> TASK TO COMPLETE
Only certain lines below are wanted: those starting at the line containing "using out by simp" and ending at the line containing "text \<open>Pure algebra: with", both included, each retyped exactly.
━━ RECORDS TO PROCESS
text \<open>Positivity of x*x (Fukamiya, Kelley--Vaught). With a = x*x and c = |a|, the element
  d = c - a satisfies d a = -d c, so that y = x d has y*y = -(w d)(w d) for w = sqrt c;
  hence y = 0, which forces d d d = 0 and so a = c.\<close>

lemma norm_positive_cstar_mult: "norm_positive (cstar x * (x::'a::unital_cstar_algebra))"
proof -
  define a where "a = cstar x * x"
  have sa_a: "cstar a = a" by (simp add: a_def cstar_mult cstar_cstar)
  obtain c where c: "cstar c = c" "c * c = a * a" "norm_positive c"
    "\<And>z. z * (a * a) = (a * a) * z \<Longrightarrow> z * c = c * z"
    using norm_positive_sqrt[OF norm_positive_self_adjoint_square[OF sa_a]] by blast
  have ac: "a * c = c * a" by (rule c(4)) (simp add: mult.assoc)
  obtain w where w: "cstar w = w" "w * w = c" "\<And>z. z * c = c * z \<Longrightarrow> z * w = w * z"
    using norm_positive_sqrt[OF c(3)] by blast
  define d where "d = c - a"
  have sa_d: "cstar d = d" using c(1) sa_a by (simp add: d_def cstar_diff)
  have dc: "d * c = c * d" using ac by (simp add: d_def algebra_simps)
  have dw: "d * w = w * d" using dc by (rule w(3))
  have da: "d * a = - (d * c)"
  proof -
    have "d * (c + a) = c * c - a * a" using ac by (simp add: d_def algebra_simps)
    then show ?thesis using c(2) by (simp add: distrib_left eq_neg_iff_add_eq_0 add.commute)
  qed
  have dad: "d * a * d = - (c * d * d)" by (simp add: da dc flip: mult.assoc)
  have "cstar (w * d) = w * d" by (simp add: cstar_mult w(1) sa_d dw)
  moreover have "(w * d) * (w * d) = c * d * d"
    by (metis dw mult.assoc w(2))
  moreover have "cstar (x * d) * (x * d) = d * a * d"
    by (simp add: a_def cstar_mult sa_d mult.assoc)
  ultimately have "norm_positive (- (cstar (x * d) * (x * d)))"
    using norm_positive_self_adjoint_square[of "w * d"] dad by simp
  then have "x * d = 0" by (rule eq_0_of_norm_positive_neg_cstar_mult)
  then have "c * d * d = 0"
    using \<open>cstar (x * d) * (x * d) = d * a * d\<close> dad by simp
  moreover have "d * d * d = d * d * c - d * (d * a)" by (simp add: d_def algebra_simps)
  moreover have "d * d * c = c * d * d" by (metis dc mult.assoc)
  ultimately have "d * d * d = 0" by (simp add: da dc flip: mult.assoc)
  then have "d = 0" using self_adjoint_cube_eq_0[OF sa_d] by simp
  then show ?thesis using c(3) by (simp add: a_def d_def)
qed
━━━━
━━ RECORDS TO PROCESS
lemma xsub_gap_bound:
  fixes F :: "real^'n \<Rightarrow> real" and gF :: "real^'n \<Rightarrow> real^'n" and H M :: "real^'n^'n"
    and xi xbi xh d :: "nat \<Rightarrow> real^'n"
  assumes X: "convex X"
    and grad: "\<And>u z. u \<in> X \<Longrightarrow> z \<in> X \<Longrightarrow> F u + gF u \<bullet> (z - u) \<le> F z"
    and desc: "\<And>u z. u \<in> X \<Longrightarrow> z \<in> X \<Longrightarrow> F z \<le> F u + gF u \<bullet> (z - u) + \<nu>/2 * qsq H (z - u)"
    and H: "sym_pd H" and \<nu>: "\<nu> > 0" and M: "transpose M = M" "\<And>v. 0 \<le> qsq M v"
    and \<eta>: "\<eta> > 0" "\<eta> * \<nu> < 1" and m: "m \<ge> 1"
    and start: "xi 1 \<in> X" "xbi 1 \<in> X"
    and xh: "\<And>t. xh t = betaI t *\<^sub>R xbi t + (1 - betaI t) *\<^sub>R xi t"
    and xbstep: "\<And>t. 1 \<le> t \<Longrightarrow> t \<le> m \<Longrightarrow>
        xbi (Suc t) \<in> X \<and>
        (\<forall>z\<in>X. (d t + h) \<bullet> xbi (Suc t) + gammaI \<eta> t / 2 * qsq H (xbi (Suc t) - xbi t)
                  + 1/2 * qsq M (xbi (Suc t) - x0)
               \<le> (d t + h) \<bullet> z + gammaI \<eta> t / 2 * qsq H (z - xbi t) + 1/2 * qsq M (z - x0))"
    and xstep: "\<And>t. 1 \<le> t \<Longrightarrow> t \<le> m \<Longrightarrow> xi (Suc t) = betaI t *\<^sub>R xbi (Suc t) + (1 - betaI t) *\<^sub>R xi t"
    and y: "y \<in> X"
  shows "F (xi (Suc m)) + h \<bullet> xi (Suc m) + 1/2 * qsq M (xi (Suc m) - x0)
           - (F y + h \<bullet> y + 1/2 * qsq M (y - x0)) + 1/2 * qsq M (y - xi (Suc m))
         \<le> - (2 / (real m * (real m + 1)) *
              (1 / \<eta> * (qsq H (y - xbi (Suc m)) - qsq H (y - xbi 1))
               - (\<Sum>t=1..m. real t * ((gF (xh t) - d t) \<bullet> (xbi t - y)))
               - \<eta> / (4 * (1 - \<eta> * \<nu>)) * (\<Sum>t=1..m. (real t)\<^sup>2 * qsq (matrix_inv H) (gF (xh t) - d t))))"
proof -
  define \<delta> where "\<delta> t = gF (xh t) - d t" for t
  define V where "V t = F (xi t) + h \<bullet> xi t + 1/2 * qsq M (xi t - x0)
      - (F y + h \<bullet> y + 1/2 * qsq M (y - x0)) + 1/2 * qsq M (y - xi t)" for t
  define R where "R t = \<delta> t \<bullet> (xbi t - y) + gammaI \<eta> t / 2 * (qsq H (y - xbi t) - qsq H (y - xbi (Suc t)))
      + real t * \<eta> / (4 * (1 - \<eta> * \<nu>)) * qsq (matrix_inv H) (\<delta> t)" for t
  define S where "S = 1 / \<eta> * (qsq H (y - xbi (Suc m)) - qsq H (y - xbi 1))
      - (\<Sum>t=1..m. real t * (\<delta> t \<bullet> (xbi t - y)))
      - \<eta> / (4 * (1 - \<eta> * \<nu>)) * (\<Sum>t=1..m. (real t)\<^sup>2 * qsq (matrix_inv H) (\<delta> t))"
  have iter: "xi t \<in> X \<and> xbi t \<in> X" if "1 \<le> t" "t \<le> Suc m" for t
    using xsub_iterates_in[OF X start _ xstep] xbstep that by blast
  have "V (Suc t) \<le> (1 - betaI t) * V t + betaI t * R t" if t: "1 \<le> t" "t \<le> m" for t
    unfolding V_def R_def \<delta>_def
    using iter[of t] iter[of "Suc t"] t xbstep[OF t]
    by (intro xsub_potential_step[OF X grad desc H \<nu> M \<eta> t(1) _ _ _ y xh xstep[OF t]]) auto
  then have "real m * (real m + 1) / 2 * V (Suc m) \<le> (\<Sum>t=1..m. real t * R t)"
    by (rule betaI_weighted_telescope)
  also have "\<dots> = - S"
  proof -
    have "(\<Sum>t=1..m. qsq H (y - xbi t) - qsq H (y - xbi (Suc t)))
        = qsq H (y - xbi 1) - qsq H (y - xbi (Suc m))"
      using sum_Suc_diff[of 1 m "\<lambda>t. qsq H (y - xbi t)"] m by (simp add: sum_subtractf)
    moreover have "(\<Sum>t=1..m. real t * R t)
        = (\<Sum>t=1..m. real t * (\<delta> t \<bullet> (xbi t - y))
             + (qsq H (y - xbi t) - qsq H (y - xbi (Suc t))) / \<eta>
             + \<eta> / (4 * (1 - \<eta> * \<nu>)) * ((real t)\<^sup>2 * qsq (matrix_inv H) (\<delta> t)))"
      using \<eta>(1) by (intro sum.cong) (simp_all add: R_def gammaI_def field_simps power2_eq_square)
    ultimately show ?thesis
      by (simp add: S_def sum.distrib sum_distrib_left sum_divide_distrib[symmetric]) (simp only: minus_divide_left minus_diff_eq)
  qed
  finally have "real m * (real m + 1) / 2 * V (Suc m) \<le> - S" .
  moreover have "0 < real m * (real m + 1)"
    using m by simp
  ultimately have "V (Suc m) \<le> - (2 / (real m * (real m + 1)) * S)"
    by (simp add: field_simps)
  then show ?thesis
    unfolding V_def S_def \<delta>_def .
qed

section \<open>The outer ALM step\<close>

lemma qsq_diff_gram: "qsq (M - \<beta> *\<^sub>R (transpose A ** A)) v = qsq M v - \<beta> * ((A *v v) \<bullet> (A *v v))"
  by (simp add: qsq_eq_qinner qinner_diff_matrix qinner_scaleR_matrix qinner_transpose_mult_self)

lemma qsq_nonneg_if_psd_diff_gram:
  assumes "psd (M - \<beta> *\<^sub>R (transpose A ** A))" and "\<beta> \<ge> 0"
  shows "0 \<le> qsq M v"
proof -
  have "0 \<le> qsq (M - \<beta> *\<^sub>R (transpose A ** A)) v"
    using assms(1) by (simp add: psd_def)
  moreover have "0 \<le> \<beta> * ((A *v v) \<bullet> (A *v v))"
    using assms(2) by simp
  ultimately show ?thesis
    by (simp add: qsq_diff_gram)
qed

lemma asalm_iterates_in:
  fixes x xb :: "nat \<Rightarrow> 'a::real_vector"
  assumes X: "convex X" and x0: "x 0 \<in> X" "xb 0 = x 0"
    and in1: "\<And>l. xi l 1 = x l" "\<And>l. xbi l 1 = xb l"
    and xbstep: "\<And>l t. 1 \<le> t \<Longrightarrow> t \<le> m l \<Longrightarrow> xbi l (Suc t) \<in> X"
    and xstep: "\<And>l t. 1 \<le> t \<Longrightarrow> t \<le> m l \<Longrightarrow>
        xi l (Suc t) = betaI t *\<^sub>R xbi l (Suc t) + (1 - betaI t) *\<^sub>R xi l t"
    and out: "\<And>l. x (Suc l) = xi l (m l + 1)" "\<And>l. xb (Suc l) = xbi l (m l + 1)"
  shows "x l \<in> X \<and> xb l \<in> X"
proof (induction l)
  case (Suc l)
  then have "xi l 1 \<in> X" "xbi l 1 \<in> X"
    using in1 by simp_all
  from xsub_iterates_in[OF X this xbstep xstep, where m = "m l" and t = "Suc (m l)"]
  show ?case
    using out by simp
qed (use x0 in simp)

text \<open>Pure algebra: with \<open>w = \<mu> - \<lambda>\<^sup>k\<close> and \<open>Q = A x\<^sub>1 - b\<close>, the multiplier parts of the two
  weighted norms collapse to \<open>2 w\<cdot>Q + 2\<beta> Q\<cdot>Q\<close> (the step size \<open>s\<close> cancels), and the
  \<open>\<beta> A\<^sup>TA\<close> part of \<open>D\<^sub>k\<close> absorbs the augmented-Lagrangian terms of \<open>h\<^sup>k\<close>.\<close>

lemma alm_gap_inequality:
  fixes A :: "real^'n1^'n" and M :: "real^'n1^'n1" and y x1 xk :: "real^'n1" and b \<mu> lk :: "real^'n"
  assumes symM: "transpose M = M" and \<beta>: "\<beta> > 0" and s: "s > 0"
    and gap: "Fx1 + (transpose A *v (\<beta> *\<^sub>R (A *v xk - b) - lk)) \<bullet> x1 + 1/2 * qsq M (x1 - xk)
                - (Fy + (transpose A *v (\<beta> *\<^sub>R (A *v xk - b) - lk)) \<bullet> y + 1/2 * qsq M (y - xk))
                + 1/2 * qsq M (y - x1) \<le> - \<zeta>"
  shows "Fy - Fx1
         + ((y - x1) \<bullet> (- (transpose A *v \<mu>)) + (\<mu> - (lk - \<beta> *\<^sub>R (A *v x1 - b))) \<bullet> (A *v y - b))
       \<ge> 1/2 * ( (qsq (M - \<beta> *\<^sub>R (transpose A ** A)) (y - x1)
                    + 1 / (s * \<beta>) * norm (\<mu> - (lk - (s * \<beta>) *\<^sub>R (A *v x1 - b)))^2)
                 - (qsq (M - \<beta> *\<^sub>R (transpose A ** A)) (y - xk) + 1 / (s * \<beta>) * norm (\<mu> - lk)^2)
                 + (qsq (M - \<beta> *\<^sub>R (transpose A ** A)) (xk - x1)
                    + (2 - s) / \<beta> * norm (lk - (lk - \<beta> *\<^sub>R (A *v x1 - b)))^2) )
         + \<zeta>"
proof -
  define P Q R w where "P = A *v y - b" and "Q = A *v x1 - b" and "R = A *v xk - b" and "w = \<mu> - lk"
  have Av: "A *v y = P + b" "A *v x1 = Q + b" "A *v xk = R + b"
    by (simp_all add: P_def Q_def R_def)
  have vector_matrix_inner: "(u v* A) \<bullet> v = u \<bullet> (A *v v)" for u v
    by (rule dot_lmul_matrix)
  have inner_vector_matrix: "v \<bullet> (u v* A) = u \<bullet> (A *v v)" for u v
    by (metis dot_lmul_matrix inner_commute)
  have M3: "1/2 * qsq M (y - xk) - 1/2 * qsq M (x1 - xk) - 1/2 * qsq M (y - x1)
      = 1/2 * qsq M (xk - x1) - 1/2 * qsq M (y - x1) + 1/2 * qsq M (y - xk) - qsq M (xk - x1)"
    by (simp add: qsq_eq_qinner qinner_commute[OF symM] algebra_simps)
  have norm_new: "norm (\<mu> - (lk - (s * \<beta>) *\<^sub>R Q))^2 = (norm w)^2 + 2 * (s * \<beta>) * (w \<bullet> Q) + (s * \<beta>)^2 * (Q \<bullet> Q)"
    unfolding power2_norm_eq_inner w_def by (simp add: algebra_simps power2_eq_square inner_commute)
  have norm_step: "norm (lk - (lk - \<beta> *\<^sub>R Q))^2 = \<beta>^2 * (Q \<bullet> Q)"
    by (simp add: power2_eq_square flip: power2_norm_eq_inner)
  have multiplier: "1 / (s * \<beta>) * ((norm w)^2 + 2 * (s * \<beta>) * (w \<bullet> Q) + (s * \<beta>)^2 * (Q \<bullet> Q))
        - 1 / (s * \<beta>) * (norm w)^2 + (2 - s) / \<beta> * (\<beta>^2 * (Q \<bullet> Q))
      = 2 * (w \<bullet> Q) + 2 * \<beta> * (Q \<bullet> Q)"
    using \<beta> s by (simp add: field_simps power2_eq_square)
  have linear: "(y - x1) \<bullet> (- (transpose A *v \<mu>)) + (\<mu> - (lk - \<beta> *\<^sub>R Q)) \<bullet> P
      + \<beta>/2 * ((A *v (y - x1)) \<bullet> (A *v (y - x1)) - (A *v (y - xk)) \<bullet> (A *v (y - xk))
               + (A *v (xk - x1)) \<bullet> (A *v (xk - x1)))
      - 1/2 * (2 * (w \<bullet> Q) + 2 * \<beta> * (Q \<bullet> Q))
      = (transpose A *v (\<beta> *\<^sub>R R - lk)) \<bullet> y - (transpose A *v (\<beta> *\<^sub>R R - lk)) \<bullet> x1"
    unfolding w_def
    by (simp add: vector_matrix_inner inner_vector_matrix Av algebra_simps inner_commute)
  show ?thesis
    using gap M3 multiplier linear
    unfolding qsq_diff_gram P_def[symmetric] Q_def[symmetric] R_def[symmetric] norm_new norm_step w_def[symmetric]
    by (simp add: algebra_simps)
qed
━━━━
━━ RECORDS TO PROCESS
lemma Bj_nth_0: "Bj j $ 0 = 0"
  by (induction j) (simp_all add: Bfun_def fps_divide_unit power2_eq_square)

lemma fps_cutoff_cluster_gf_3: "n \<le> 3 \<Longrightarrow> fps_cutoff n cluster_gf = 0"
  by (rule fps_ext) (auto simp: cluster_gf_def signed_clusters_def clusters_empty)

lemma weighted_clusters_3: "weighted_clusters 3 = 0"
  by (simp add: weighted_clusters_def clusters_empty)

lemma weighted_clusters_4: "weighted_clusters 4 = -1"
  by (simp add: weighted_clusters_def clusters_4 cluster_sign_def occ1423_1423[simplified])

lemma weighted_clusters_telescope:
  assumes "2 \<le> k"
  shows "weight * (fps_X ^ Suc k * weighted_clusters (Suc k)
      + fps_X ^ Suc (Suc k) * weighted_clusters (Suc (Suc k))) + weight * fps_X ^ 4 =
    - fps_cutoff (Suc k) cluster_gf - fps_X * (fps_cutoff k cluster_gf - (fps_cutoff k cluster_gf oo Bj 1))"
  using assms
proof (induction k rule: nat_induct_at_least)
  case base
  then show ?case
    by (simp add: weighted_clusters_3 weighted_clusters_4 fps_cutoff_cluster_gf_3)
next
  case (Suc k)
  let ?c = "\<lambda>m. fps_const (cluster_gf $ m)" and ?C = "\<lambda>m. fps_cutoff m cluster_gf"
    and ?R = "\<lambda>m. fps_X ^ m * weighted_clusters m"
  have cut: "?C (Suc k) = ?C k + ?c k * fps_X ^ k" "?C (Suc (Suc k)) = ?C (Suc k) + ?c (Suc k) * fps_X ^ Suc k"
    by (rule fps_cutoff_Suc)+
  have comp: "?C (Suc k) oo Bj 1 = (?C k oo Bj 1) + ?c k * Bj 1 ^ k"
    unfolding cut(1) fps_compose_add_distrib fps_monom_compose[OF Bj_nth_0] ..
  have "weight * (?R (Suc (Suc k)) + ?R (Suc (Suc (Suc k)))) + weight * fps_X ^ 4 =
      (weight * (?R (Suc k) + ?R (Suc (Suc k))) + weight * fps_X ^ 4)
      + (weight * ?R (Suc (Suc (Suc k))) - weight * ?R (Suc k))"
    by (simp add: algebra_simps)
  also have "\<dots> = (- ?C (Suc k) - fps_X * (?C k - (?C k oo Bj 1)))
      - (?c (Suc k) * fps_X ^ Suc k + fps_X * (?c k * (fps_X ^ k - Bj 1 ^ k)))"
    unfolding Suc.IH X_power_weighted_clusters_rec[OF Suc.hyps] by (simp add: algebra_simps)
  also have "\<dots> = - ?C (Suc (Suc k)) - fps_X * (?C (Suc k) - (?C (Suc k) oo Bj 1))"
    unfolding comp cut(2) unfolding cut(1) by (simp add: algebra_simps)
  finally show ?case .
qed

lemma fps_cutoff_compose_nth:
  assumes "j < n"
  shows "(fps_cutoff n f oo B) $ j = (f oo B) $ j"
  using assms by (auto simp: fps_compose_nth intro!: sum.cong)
━━━━
> YOUR SOLUTION
    using out by simp
qed (use x0 in simp)

text \<open>Pure algebra: with \<open>w = \<mu> - \<lambda>\<^sup>k\<close> and \<open>Q = A x\<^sub>1 - b\<close>, the multiplier parts of the two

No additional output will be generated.